(* Let $\vec{\mathcal G}=([n],E)$ be an ergodic graph of a deterministic two-player mean-payoff game with $m=|E|$, and let the weights $(r_{ij})$ be independent absolutely continuous random variables with densities $f_{ij}$ such that $\mathbb E(r_{ij})\in[-1,1]$, $\mathrm{Var}(r_{ij})\le 1/\phi^2$ and $f_{ij}(y)\le\phi$ for all $(i,j),y$, for some $\phi>0$. Then for every $\varepsilon>0$, $$\mathbb P\Bigl(\Delta(r)\ge\frac{8m}{\varepsilon}\bigl(\phi+\sqrt{2m/\varepsilon}\bigr)\Bigr)\le\varepsilon .$$ In particular $\mathbb P\bigl(\Delta(r)\ge 8nm(\phi+\sqrt{2nm})\bigr)\le 1/n$.
   Context: Setting: directed graph $\vec{\mathcal G}=([n],E)$ without multiple edges, each vertex having an outgoing edge, $[n]=V_{\max}\uplus V_{\min}$, weights $r\in\mathbb R^E$. Ergodic equation in $(\lambda,u)$: $\lambda+u_i=\max_{(i,j)\in E}\{r_{ij}+u_j\}$ ($i\in V_{\max}$), $\lambda+u_i=\min_{(i,j)\in E}\{r_{ij}+u_j\}$ ($i\in V_{\min}$); $u$ is a bias if $(\lambda,u)$ solves it; ergodic graph: solvable for every $r$, in which case $\lambda$ (the value) is unique. A pair of policies (choices of outgoing edges at Max/Min vertices) is bias-induced if some bias makes each chosen edge attain the max/min. $\Xi$: pairs whose induced subgraph has exactly one directed cycle; $\mathcal P^{\sigma,\tau}$: set of $r$ for which $(\sigma,\tau)$ is the only bias-induced pair; $\mathcal U=\bigcup_\Xi\mathcal P^{\sigma,\tau}$ (its complement has measure zero, and for $r\in\mathcal U$ the bias is unique up to an additive constant). Condition number, for $r\in\mathcal U$: $\Delta(r)=\dfrac{\max\{|r_{ij}-\lambda|:(i,j)\in E\}}{\min\{|r_{ij}-\lambda+u_j-u_i|:(i,j)\in E,\ r_{ij}-\lambda+u_j-u_i\ne0\}}$, with $\lambda$ the value and $u$ a bias; by convention $\Delta(r)=1$ if the denominator's set is empty (only one pair of policies). *)

theory Defs
  imports "HOL-Probability.Probability"
begin

text \<open>Vertices are [n] = {1..n}; edges E are pairs of vertices; weights are functions
  r :: nat \<times> nat \<Rightarrow> real (only the values on E matter).
  Vmax \<subseteq> [n]; Vmin = [n] - Vmax.\<close>

definition game_graph :: "nat \<Rightarrow> (nat \<times> nat) set \<Rightarrow> nat set \<Rightarrow> bool" where
  "game_graph n E Vmax \<longleftrightarrow> E \<subseteq> {1..n} \<times> {1..n} \<and> (\<forall>i\<in>{1..n}. \<exists>j. (i, j) \<in> E)
     \<and> Vmax \<subseteq> {1..n}"

definition ergodic_eq :: "nat \<Rightarrow> (nat \<times> nat) set \<Rightarrow> nat set \<Rightarrow> (nat \<times> nat \<Rightarrow> real)
     \<Rightarrow> real \<Rightarrow> (nat \<Rightarrow> real) \<Rightarrow> bool" where
  "ergodic_eq n E Vmax r lam u \<longleftrightarrow>
     (\<forall>i\<in>{1..n}. (i \<in> Vmax \<longrightarrow> lam + u i = Max {r (i, j) + u j | j. (i, j) \<in> E})
               \<and> (i \<notin> Vmax \<longrightarrow> lam + u i = Min {r (i, j) + u j | j. (i, j) \<in> E}))"

definition is_bias :: "nat \<Rightarrow> (nat \<times> nat) set \<Rightarrow> nat set \<Rightarrow> (nat \<times> nat \<Rightarrow> real)
     \<Rightarrow> (nat \<Rightarrow> real) \<Rightarrow> bool" where
  "is_bias n E Vmax r u \<longleftrightarrow> (\<exists>lam. ergodic_eq n E Vmax r lam u)"

definition ergodic_graph :: "nat \<Rightarrow> (nat \<times> nat) set \<Rightarrow> nat set \<Rightarrow> bool" where
  "ergodic_graph n E Vmax \<longleftrightarrow> (\<forall>r. \<exists>lam u. ergodic_eq n E Vmax r lam u)"

definition game_value :: "nat \<Rightarrow> (nat \<times> nat) set \<Rightarrow> nat set \<Rightarrow> (nat \<times> nat \<Rightarrow> real) \<Rightarrow> real" where
  "game_value n E Vmax r = (THE lam. \<exists>u. ergodic_eq n E Vmax r lam u)"

text \<open>A pair of policies (sigma on Vmax, tau on Vmin) is encoded as one choice function s
  with (i, s i) \<in> E for every vertex i (sigma = s on Vmax, tau = s on Vmin);
  s is normalized to 0 outside [n] so that pairs correspond bijectively to such s.\<close>
definition policy_pair :: "nat \<Rightarrow> (nat \<times> nat) set \<Rightarrow> (nat \<Rightarrow> nat) \<Rightarrow> bool" where
  "policy_pair n E s \<longleftrightarrow> (\<forall>i\<in>{1..n}. (i, s i) \<in> E) \<and> (\<forall>i. i \<notin> {1..n} \<longrightarrow> s i = 0)"

definition bias_induced :: "nat \<Rightarrow> (nat \<times> nat) set \<Rightarrow> nat set \<Rightarrow> (nat \<times> nat \<Rightarrow> real)
     \<Rightarrow> (nat \<Rightarrow> nat) \<Rightarrow> bool" where
  "bias_induced n E Vmax r s \<longleftrightarrow> policy_pair n E s \<and>
     (\<exists>lam u. ergodic_eq n E Vmax r lam u \<and> (\<forall>i\<in>{1..n}. lam + u i = r (i, s i) + u (s i)))"

definition directed_cycle :: "(nat \<times> nat) set \<Rightarrow> (nat \<times> nat) set \<Rightarrow> bool" where
  "directed_cycle F C \<longleftrightarrow> (\<exists>vs. vs \<noteq> [] \<and> distinct vs \<and>
     (\<forall>k<length vs. (vs ! k, vs ! ((k + 1) mod length vs)) \<in> F) \<and>
     C = {(vs ! k, vs ! ((k + 1) mod length vs)) | k. k < length vs})"

definition policy_subgraph :: "nat \<Rightarrow> (nat \<Rightarrow> nat) \<Rightarrow> (nat \<times> nat) set" where
  "policy_subgraph n s = {(i, s i) | i. i \<in> {1..n}}"

definition Xi :: "nat \<Rightarrow> (nat \<times> nat) set \<Rightarrow> (nat \<Rightarrow> nat) set" where
  "Xi n E = {s. policy_pair n E s \<and> (\<exists>!C. directed_cycle (policy_subgraph n s) C)}"

definition P_pol :: "nat \<Rightarrow> (nat \<times> nat) set \<Rightarrow> nat set \<Rightarrow> (nat \<Rightarrow> nat)
     \<Rightarrow> (nat \<times> nat \<Rightarrow> real) set" where
  "P_pol n E Vmax s = {r. bias_induced n E Vmax r s \<and>
       (\<forall>s'. bias_induced n E Vmax r s' \<longrightarrow> s' = s)}"

definition U_set :: "nat \<Rightarrow> (nat \<times> nat) set \<Rightarrow> nat set \<Rightarrow> (nat \<times> nat \<Rightarrow> real) set" where
  "U_set n E Vmax = (\<Union>s\<in>Xi n E. P_pol n E Vmax s)"

text \<open>Condition number (meaningful for r in U, where the bias is unique up to constants).\<close>
definition cond_number :: "nat \<Rightarrow> (nat \<times> nat) set \<Rightarrow> nat set \<Rightarrow> (nat \<times> nat \<Rightarrow> real) \<Rightarrow> real" where
  "cond_number n E Vmax r =
     (let lam = game_value n E Vmax r;
          u = (SOME u. ergodic_eq n E Vmax r lam u);
          S = {\<bar>r (i, j) - lam + u j - u i\<bar> | i j. (i, j) \<in> E \<and> r (i, j) - lam + u j - u i \<noteq> 0}
      in if S = {} then 1 else Max {\<bar>r e - lam\<bar> | e. e \<in> E} / Min S)"

end

theory Submission
  imports Defs "HOL-Combinatorics.Orbits"
begin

###

In the data above, find the line with "with (i, s i)" and the line with "s is normalized". Retype both, plus every line between them, exactly.

  with (i, s i) \<in> E for every vertex i (sigma = s on Vmax, tau = s on Vmin);
  s is normalized to 0 outside [n] so that pairs correspond bijectively to such s.\<close>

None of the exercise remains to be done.